The gas industry should work to overcome misplaced fears of shale operations like this one in Pennsylvania, former New York City Mayor Rudolph Giuliani said.

Marie Cusick/ StateImpact Pennsylvania

The gas industry should work to overcome misplaced fears of shale operations like this one in Pennsylvania, former New York City Mayor Rudolph Giuliani said.

Former New York City Mayor Rudolph Giuliani on Wednesday urged the natural gas industry to mount a public-relations campaign to overcome what he said was an irrational fear of fracking among some sections of the public.

Speaking to Pennsylvania industry professionals at the annual Shale Insight conference in Philadelphia, Giuliani said the industry is being held back by unfounded fears about the dangers of shale gas development, which he said had been fanned by some liberal media and “extreme” environmental groups.

“We have a PR problem. A lot of people dismiss the shale revolution,” he said. “They are irrationally afraid of it. We really do need a national effort to explain how relatively safe this process is.”

Giuliani drew parallels with the nuclear industry, which he said had shut down as a result of the Three Mile Island meltdown in 1979 despite the fact that no one had died in that incident. He also noted that France gets 80 percent of its electricity from nuclear power.

“No one has died from a nuclear accident in America ever,” he said. “We are afraid of nuclear power because of incorrect psychological reasons.”

The natural gas industry is “not being supported by the national government in the way that it should be,” he said.

Giuliani, whose law firm of Bracewell & Giuliani is a sponsor of the conference hosted by the Marcellus Shale Coalition, also called on the Obama administration to make it easier for U.S. shale gas producers to export overseas.

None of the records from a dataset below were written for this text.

lemma wvec_cross_gt:
  assumes L: "is_path adj V L a b" and a: "is_leaf V adj a" and b: "is_leaf V adj b"
    and m: "Suc m < length L"
  shows "wvec V adj d (L ! Suc m) a * wvec V adj d (L ! m) b < wvec V adj d (L ! m) a * wvec V adj d (L ! Suc m) b"
proof -
  obtain k where k: "length L = Suc k" using m by (cases L) auto
  have ends: "L ! 0 = a" "L ! k = b" using L k unfolding is_path_def by (auto simp: hd_conv_nth last_conv_nth)
  have "a \<noteq> b" using L k m ends unfolding is_path_def by (auto simp: nth_eq_iff_index_eq)
  have node: "is_node V adj (L ! j)" if "0 < j" "j < k" for j using interior_is_node[OF L] that k by simp
  consider "m = 0" | "0 < m" "Suc m = k" | "0 < m" "Suc m < k" using m k by linarith
  then show ?thesis
  proof cases
    case 1
    have "0 < wvec V adj d (L ! Suc 0) b"
      using node[of "Suc 0"] wvec_node_pos[OF _ b] wvec_leaf[OF b] ends m k by (cases "Suc 0 = k") auto
    then show ?thesis using 1 ends wvec_leaf[OF a] \<open>a \<noteq> b\<close> by simp
  next
    case 2
    have "0 < wvec V adj d (L ! m) a" using node[of m] wvec_node_pos[OF _ a] 2 by simp
    then show ?thesis using 2 ends wvec_leaf[OF b] \<open>a \<noteq> b\<close> by simp
  next
    case 3
    then show ?thesis
      using ell_cross_gt[OF L a b k 3] node[of m] node[of "Suc m"] wvec_node[of V adj _ _ d] a b
      by (simp flip: of_nat_mult)
  qed
qed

Even if world markets are currently oversupplied with liquefied natural gas, the U.S. should prepare to sell more gas to the rest of the world when markets recover, he said.

“It wouldn’t be a bad idea to permit some and have them ready for when the market turns,” he said. He predicted that demand for gas will rebound strongly in coming years.

He also argued that having the ability to export significant quantities of LNG boosts America’s geopolitical standing, and may have even deterred Russia from annexing Crimea. If Europe had been able to rely on gas from America rather than Russia, the prospect of losing the European market might have deterred Russia from its action in Crimea, Giuliani said.